Segment Start: INPUT MATERIAL
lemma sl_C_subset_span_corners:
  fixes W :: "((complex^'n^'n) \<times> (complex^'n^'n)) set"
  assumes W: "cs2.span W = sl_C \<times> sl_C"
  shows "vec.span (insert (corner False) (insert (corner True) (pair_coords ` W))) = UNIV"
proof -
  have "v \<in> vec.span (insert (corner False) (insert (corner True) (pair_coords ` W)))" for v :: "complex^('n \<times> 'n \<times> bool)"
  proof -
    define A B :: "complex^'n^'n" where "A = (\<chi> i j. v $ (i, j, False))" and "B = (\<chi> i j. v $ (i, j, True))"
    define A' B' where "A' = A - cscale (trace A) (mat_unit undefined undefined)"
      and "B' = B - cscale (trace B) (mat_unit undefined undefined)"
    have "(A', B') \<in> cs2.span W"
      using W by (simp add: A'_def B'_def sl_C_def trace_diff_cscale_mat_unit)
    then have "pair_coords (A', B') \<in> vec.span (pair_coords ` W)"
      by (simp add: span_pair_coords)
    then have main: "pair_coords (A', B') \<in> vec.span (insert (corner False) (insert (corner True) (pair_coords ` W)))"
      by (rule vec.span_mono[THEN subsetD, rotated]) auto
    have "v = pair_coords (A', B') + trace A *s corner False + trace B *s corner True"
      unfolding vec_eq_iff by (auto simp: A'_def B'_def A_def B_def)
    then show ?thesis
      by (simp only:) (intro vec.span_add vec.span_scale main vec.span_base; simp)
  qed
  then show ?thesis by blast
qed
Segment End: INPUT MATERIAL
Segment Start: INPUT MATERIAL
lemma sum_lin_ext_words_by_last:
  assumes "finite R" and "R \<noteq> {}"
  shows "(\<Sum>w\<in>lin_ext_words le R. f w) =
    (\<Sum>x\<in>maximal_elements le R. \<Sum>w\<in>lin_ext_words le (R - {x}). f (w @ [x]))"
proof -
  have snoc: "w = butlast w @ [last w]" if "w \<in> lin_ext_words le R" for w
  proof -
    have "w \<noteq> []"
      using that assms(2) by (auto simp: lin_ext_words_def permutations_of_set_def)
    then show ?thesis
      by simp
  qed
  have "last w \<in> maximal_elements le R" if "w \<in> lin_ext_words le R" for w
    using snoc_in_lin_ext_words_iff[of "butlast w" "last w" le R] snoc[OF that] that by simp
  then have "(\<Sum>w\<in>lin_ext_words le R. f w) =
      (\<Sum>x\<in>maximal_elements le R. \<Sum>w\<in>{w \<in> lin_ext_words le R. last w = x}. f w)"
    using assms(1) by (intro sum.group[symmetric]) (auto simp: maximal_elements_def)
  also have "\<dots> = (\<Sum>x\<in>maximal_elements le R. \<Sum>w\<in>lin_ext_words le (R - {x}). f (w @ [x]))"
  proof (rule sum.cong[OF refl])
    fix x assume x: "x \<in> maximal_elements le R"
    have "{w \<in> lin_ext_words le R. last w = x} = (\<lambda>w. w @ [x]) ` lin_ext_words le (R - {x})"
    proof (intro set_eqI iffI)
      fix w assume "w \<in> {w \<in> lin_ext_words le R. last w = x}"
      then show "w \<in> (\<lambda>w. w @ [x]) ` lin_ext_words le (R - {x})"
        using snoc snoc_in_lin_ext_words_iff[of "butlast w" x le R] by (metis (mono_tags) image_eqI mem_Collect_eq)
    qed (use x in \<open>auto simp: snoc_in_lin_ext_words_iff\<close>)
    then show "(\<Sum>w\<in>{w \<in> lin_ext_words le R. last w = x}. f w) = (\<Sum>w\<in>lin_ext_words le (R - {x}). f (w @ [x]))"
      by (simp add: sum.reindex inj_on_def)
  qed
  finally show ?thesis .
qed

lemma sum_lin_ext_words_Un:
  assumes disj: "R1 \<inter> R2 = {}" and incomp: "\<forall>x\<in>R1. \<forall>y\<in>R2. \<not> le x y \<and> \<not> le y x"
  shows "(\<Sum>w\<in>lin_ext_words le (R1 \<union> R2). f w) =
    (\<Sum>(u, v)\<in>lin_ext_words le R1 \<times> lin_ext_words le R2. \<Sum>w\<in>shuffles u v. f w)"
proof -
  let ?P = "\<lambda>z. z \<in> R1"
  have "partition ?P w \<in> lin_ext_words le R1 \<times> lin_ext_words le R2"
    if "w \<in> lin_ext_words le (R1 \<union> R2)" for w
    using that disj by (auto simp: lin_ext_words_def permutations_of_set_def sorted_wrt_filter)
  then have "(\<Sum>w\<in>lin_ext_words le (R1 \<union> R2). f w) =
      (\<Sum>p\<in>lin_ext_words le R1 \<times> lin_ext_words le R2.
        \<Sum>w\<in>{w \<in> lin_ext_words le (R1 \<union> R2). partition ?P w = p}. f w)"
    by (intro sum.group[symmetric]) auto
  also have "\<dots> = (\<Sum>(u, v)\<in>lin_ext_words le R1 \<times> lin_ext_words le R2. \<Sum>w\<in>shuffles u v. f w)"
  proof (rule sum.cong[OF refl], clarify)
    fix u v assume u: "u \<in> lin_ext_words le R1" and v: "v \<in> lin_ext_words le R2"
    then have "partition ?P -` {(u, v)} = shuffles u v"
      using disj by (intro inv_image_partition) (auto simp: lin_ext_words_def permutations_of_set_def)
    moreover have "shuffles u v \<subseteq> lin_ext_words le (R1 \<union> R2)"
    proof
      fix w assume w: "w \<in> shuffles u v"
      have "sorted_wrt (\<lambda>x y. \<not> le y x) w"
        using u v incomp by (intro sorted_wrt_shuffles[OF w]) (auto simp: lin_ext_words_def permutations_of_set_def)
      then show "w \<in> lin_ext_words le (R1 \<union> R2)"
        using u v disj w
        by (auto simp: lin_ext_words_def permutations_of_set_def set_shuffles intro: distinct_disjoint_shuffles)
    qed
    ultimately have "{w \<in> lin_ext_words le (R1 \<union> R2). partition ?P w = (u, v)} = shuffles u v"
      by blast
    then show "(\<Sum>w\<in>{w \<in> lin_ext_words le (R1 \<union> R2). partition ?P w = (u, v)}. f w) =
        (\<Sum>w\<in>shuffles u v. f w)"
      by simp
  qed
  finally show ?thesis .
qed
Segment End: INPUT MATERIAL
In the data above, retype exactly and only the lines between the one holding "w \<in> maximal_elements" and the one holding "using assms(1) by", inclusive.

  have "last w \<in> maximal_elements le R" if "w \<in> lin_ext_words le R" for w
    using snoc_in_lin_ext_words_iff[of "butlast w" "last w" le R] snoc[OF that] that by simp
  then have "(\<Sum>w\<in>lin_ext_words le R. f w) =
      (\<Sum>x\<in>maximal_elements le R. \<Sum>w\<in>{w \<in> lin_ext_words le R. last w = x}. f w)"
    using assms(1) by (intro sum.group[symmetric]) (auto simp: maximal_elements_def)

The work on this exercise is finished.